BTIG analyst Clark Lampen upgraded his rating on
DraftKings
(ticker: DKNG) to Buy from Neutral, with a price target of $24, while the shares jumped 15% to $20.41. So far this year, the stock has soared nearly 80%.

Thursday, the company posted revenue of $855 million and a loss of 53 cents a share for its fourth quarter, while Wall Street had expected $803 million in revenue and a loss of 62 cents a share, according to FactSet.

DraftKings
also raised its forecast for 2023 revenue to a range of $2.85 billion to $3.05 billion, well above the $2.24 billion recorded for 2022, as additional states legalize sports gambling.

“The positive implications of the 4Q print aren’t fully reflected in the stock as the fundamental levers for further beats are in place for ’23/24+,” wrote Lampen in a research note Friday. He said DraftKings is performing better both because more people are gambling online and because management has reduced spending on marketing. 

Lampen sees keeping a handle on marketing spending as improving earnings and allowing the company to keep offering discounts without derailing efforts to boost margins.
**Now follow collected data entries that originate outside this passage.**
lemma (in prob_space) distr_pair_eq_if_indep_set_vimage:
  assumes [measurable]: "X \<in> measurable M S" "Y \<in> measurable M T"
    and indep: "indep_set (sets (vimage_algebra (space M) X S)) (sets (vimage_algebra (space M) Y T))"
  shows "distr M (S \<Otimes>\<^sub>M T) (\<lambda>\<omega>. (X \<omega>, Y \<omega>)) = distr M S X \<Otimes>\<^sub>M distr M T Y"
proof -
  interpret PX: prob_space "distr M S X" by (rule prob_space_distr) simp
  interpret PY: prob_space "distr M T Y" by (rule prob_space_distr) simp
  show ?thesis
  proof (rule pair_measure_eqI[symmetric])
    fix A B assume AB: "A \<in> sets (distr M S X)" "B \<in> sets (distr M T Y)"
    have "X -` A \<inter> space M \<in> sets (vimage_algebra (space M) X S)"
      "Y -` B \<inter> space M \<in> sets (vimage_algebra (space M) Y T)"
      using AB by (auto intro!: in_vimage_algebra)
    then have "prob ((X -` A \<inter> space M) \<inter> (Y -` B \<inter> space M)) = prob (X -` A \<inter> space M) * prob (Y -` B \<inter> space M)"
      by (rule indep_setD[OF indep])
    moreover have "(\<lambda>\<omega>. (X \<omega>, Y \<omega>)) -` (A \<times> B) \<inter> space M = (X -` A \<inter> space M) \<inter> (Y -` B \<inter> space M)"
      by auto
    ultimately show "emeasure (distr M S X) A * emeasure (distr M T Y) B
        = emeasure (distr M (S \<Otimes>\<^sub>M T) (\<lambda>\<omega>. (X \<omega>, Y \<omega>))) (A \<times> B)"
      using AB by (simp add: emeasure_distr emeasure_eq_measure ennreal_mult)
  qed (auto intro: PX.sigma_finite_measure PY.sigma_finite_measure)
qed

(* Boundedness is only required on the ranges of X and Y, which is all that integrands built
   from {0, 1}-valued real variables satisfy. *)
lemma (in prob_space) integral_indep_pair_eq_iterated:
  fixes h :: "'b \<times> 'c \<Rightarrow> real"
  assumes [measurable]: "X \<in> measurable M S" "Y \<in> measurable M T"
    and distr_pair: "distr M (S \<Otimes>\<^sub>M T) (\<lambda>\<omega>. (X \<omega>, Y \<omega>)) = distr M S X \<Otimes>\<^sub>M distr M T Y"
    and [measurable]: "h \<in> borel_measurable (S \<Otimes>\<^sub>M T)"
    and bounded: "\<And>\<omega> \<omega>'. \<omega> \<in> space M \<Longrightarrow> \<omega>' \<in> space M \<Longrightarrow> \<bar>h (X \<omega>, Y \<omega>')\<bar> \<le> K"
  shows "(\<integral>\<omega>. h (X \<omega>, Y \<omega>) \<partial>M) = (\<integral>\<omega>. (\<integral>\<omega>'. h (X \<omega>, Y \<omega>') \<partial>M) \<partial>M)"
    and "integrable M (\<lambda>\<omega>. \<integral>\<omega>'. h (X \<omega>, Y \<omega>') \<partial>M)"
proof -
  interpret MM: pair_prob_space M M ..
  interpret PY: prob_space "distr M T Y" by (rule prob_space_distr) simp
  have "integrable (M \<Otimes>\<^sub>M M) (\<lambda>z. h (X (fst z), Y (snd z)))"
    by (rule MM.integrable_const_bound[where B=K]) (auto simp: space_pair_measure bounded)
  then have int: "integrable (M \<Otimes>\<^sub>M M) (\<lambda>(\<omega>, \<omega>'). h (X \<omega>, Y \<omega>'))"
    by (simp add: case_prod_beta')
  have "(\<integral>\<omega>. h (X \<omega>, Y \<omega>) \<partial>M) = (\<integral>z. h z \<partial>distr M (S \<Otimes>\<^sub>M T) (\<lambda>\<omega>. (X \<omega>, Y \<omega>)))"
    by (simp add: integral_distr)
  also have "\<dots> = (\<integral>z. h z \<partial>distr (M \<Otimes>\<^sub>M M) (S \<Otimes>\<^sub>M T) (\<lambda>(\<omega>, \<omega>'). (X \<omega>, Y \<omega>')))"
    unfolding distr_pair by (subst pair_measure_distr) (auto intro: PY.sigma_finite_measure)
  also have "\<dots> = (\<integral>z. h (X (fst z), Y (snd z)) \<partial>(M \<Otimes>\<^sub>M M))"
    by (subst integral_distr) (auto simp: case_prod_beta')
  also have "\<dots> = (\<integral>\<omega>. (\<integral>\<omega>'. h (X \<omega>, Y \<omega>') \<partial>M) \<partial>M)"
    using MM.integral_fst'[OF int] by (simp add: case_prod_beta')
  finally show "(\<integral>\<omega>. h (X \<omega>, Y \<omega>) \<partial>M) = (\<integral>\<omega>. (\<integral>\<omega>'. h (X \<omega>, Y \<omega>') \<partial>M) \<partial>M)" .
  show "integrable M (\<lambda>\<omega>. \<integral>\<omega>'. h (X \<omega>, Y \<omega>') \<partial>M)"
    using MM.integrable_fst'[OF int] by simp
qed

lemma (in prob_space) real_cond_exp_indep_freeze:
  fixes F :: "'b \<times> 'c \<Rightarrow> real"
  assumes W[measurable]: "W \<in> measurable M N" and [measurable]: "\<Gamma> \<in> measurable M P"
    and indep: "indep_set (sets (vimage_algebra (space M) W N)) (sets (vimage_algebra (space M) \<Gamma> P))"
    and [measurable]: "F \<in> borel_measurable (N \<Otimes>\<^sub>M P)"
    and bounded: "\<And>\<omega> \<omega>'. \<omega> \<in> space M \<Longrightarrow> \<omega>' \<in> space M \<Longrightarrow> \<bar>F (W \<omega>, \<Gamma> \<omega>')\<bar> \<le> K"
  shows "AE \<omega> in M. real_cond_exp M (vimage_algebra (space M) W N) (\<lambda>\<omega>. F (W \<omega>, \<Gamma> \<omega>)) \<omega>
    = (\<integral>\<omega>'. F (W \<omega>, \<Gamma> \<omega>') \<partial>M)"
proof -
  let ?G = "vimage_algebra (space M) W N"
  define \<phi> where "\<phi> w = (\<integral>\<omega>'. F (w, \<Gamma> \<omega>') \<partial>M)" for w
  have W_space: "W \<in> space M \<rightarrow> space N"
    using W by (auto intro: measurable_space)
  have sets_G: "sets ?G = {W -` B \<inter> space M | B. B \<in> sets N}"
    using W_space by (rule sets_vimage_algebra2)
  have "subalgebra M ?G"
    unfolding subalgebra_def sets_G by auto
  then interpret G: finite_measure_subalgebra M ?G
    by unfold_locales
  have distr_pair: "distr M (N \<Otimes>\<^sub>M P) (\<lambda>\<omega>. (W \<omega>, \<Gamma> \<omega>)) = distr M N W \<Otimes>\<^sub>M distr M P \<Gamma>"
    by (rule distr_pair_eq_if_indep_set_vimage) (simp_all add: indep)
  have [measurable]: "\<phi> \<in> borel_measurable N"
    unfolding \<phi>_def by measurable
  show ?thesis
    unfolding \<phi>_def[symmetric]
  proof (rule G.real_cond_exp_charact)
    fix A assume "A \<in> sets ?G"
    then obtain B where B[measurable]: "B \<in> sets N" and A: "A = W -` B \<inter> space M"
      unfolding sets_G by blast
    define h where "h z = indicator B (fst z) * F z" for z
    have [measurable]: "h \<in> borel_measurable (N \<Otimes>\<^sub>M P)"
      unfolding h_def by measurable
    have h_bounded: "\<bar>h (W \<omega>, \<Gamma> \<omega>')\<bar> \<le> K" if "\<omega> \<in> space M" "\<omega>' \<in> space M" for \<omega> \<omega>'
      using bounded[OF that] that by (auto simp: h_def indicator_def)
    have "(\<integral>\<omega>\<in>A. F (W \<omega>, \<Gamma> \<omega>) \<partial>M) = (\<integral>\<omega>. h (W \<omega>, \<Gamma> \<omega>) \<partial>M)"
      unfolding set_lebesgue_integral_def h_def A
      by (intro Bochner_Integration.integral_cong) (auto simp: indicator_def)
    also have "\<dots> = (\<integral>\<omega>. (\<integral>\<omega>'. h (W \<omega>, \<Gamma> \<omega>') \<partial>M) \<partial>M)"
      by (rule integral_indep_pair_eq_iterated(1)[where h=h, OF _ _ distr_pair _ h_bounded]) simp_all
    also have "\<dots> = (\<integral>\<omega>\<in>A. \<phi> (W \<omega>) \<partial>M)"
      unfolding set_lebesgue_integral_def h_def A \<phi>_def
      by (intro Bochner_Integration.integral_cong) (auto simp: indicator_def)
    finally show "(\<integral>\<omega>\<in>A. F (W \<omega>, \<Gamma> \<omega>) \<partial>M) = (\<integral>\<omega>\<in>A. \<phi> (W \<omega>) \<partial>M)" .
  next
    show "integrable M (\<lambda>\<omega>. F (W \<omega>, \<Gamma> \<omega>))"
      by (rule integrable_const_bound[where B=K]) (simp_all add: bounded)
    show "integrable M (\<lambda>\<omega>. \<phi> (W \<omega>))"
      unfolding \<phi>_def by (rule integral_indep_pair_eq_iterated(2)[where h=F, OF _ _ distr_pair _ bounded]) simp_all
    show "(\<lambda>\<omega>. \<phi> (W \<omega>)) \<in> borel_measurable ?G"
      using measurable_vimage_algebra1[OF W_space] by measurable
  qed
qed

lemma (in prob_space) indep_vars_pair_components:
  fixes U :: "'i \<Rightarrow> 'a \<Rightarrow> 'b::second_countable_topology" and V :: "'i \<Rightarrow> 'a \<Rightarrow> 'c::second_countable_topology"
  assumes "indep_vars (\<lambda>_. borel) (\<lambda>i \<omega>. (U i \<omega>, V i \<omega>)) I"
  shows "indep_vars (\<lambda>_. borel) U I" and "indep_vars (\<lambda>_. borel) V I"
proof -
  have "indep_vars (\<lambda>_. borel) (\<lambda>i \<omega>. fst (U i \<omega>, V i \<omega>)) I"
    by (rule indep_vars_compose2[OF assms]) measurable
  then show "indep_vars (\<lambda>_. borel) U I"
    by simp
  have "indep_vars (\<lambda>_. borel) (\<lambda>i \<omega>. snd (U i \<omega>, V i \<omega>)) I"
    by (rule indep_vars_compose2[OF assms]) measurable
  then show "indep_vars (\<lambda>_. borel) V I"
    by simp
qed

lemma (in prob_space) integral_disjoint_blocks_eq_iterated:
  fixes g :: "('i \<Rightarrow> 'b) \<times> ('i \<Rightarrow> 'b) \<Rightarrow> real"
  assumes indep: "indep_vars M' Z I" and "S \<inter> T = {}" "S \<subseteq> I" "T \<subseteq> I"
    and "g \<in> borel_measurable (PiM S M' \<Otimes>\<^sub>M PiM T M')"
    and "\<And>\<omega> \<omega>'. \<omega> \<in> space M \<Longrightarrow> \<omega>' \<in> space M \<Longrightarrow>
      \<bar>g (restrict (\<lambda>i. Z i \<omega>) S, restrict (\<lambda>j. Z j \<omega>') T)\<bar> \<le> K"
  shows "(\<integral>\<omega>. g (restrict (\<lambda>i. Z i \<omega>) S, restrict (\<lambda>j. Z j \<omega>) T) \<partial>M)
      = (\<integral>\<omega>. (\<integral>\<omega>'. g (restrict (\<lambda>i. Z i \<omega>) S, restrict (\<lambda>j. Z j \<omega>') T) \<partial>M) \<partial>M)"
    and "integrable M (\<lambda>\<omega>. \<integral>\<omega>'. g (restrict (\<lambda>i. Z i \<omega>) S, restrict (\<lambda>j. Z j \<omega>') T) \<partial>M)"
proof -
  have "indep_var (PiM S M') (\<lambda>\<omega>. restrict (\<lambda>i. Z i \<omega>) S) (PiM T M') (\<lambda>\<omega>. restrict (\<lambda>j. Z j \<omega>) T)"
    by (rule indep_var_restrict[OF indep assms(2-4)])
  note blocks = this[unfolded indep_var_distribution_eq]
  show "(\<integral>\<omega>. g (restrict (\<lambda>i. Z i \<omega>) S, restrict (\<lambda>j. Z j \<omega>) T) \<partial>M)
      = (\<integral>\<omega>. (\<integral>\<omega>'. g (restrict (\<lambda>i. Z i \<omega>) S, restrict (\<lambda>j. Z j \<omega>') T) \<partial>M) \<partial>M)"
    using blocks by (intro integral_indep_pair_eq_iterated(1)[where h=g, OF _ _ _ assms(5,6)]) simp_all
  show "integrable M (\<lambda>\<omega>. \<integral>\<omega>'. g (restrict (\<lambda>i. Z i \<omega>) S, restrict (\<lambda>j. Z j \<omega>') T) \<partial>M)"
    using blocks by (intro integral_indep_pair_eq_iterated(2)[where h=g, OF _ _ _ assms(5,6)]) simp_all
qed

lemma (in prob_space) bernoulli_mgf_bilinear_le:
  fixes U :: "'i \<Rightarrow> 'a \<Rightarrow> real" and b :: "'i \<Rightarrow> 'j \<Rightarrow> real"
  assumes "finite S" and indep: "indep_vars (\<lambda>_. borel) U S"
    and U01: "\<And>i \<omega>. i \<in> S \<Longrightarrow> \<omega> \<in> space M \<Longrightarrow> U i \<omega> \<in> {0, 1}"
    and b: "\<And>i j. 0 \<le> b i j" and "0 \<le> \<tau>"
    and rows: "\<And>i. i \<in> S \<Longrightarrow> \<tau> * (\<Sum>j\<in>T. b i j) \<le> 1/4"
    and w: "\<And>j. j \<in> T \<Longrightarrow> 0 \<le> w j \<and> w j \<le> 1"
  shows "(\<integral>\<omega>. exp (\<tau> * (\<Sum>i\<in>S. U i \<omega> * (\<Sum>j\<in>T. b i j * w j))) \<partial>M)
    \<le> exp (\<Sum>j\<in>T. 1.16 * \<tau> * (\<Sum>i\<in>S. b i j * expectation (U i)) * w j)"
proof -
  define t where "t i = \<tau> * (\<Sum>j\<in>T. b i j * w j)" for i
  have t: "0 \<le> t i \<and> t i \<le> 1/4" if "i \<in> S" for i
  proof
    show "0 \<le> t i"
      using b w \<open>0 \<le> \<tau>\<close> unfolding t_def by (simp add: sum_nonneg)
    have "(\<Sum>j\<in>T. b i j * w j) \<le> (\<Sum>j\<in>T. b i j)"
      using b w by (intro sum_mono) (simp add: mult_left_le)
    then show "t i \<le> 1/4"
      unfolding t_def using rows[OF that] \<open>0 \<le> \<tau>\<close> by (meson mult_left_mono order_trans)
  qed
  have "(\<integral>\<omega>. exp (\<tau> * (\<Sum>i\<in>S. U i \<omega> * (\<Sum>j\<in>T. b i j * w j))) \<partial>M)
      = (\<integral>\<omega>. exp (\<Sum>i\<in>S. t i * U i \<omega>) \<partial>M)"
    by (simp add: t_def sum_distrib_left mult_ac)
  also have "\<dots> \<le> exp (1.16 * (\<Sum>i\<in>S. t i * expectation (U i)))"
    by (rule indep_bernoulli_mgf_le[OF \<open>finite S\<close> indep U01 t exp_le_linear_on_quarter])
  also have "\<dots> = exp (\<Sum>j\<in>T. 1.16 * \<tau> * (\<Sum>i\<in>S. b i j * expectation (U i)) * w j)"
    by (simp add: t_def sum_distrib_left sum_distrib_right sum_divide_distrib mult_ac sum.swap[of _ S T])
  finally show ?thesis .
qed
“Additionally, with $700M+ in cash and line of sight to positive cash flow, we could see DKNG tap its balance sheet to enhance the business via acquisition,” he wrote, saying he expects DraftKings to consolidate its leading position in sports betting.

Susquehanna analyst Joseph Stauff was also optimistic on the stock, raising his price target to $26 from $24. He said in a research note Friday that the company’s “best earnings print shows [the business] model scaling to profitability.”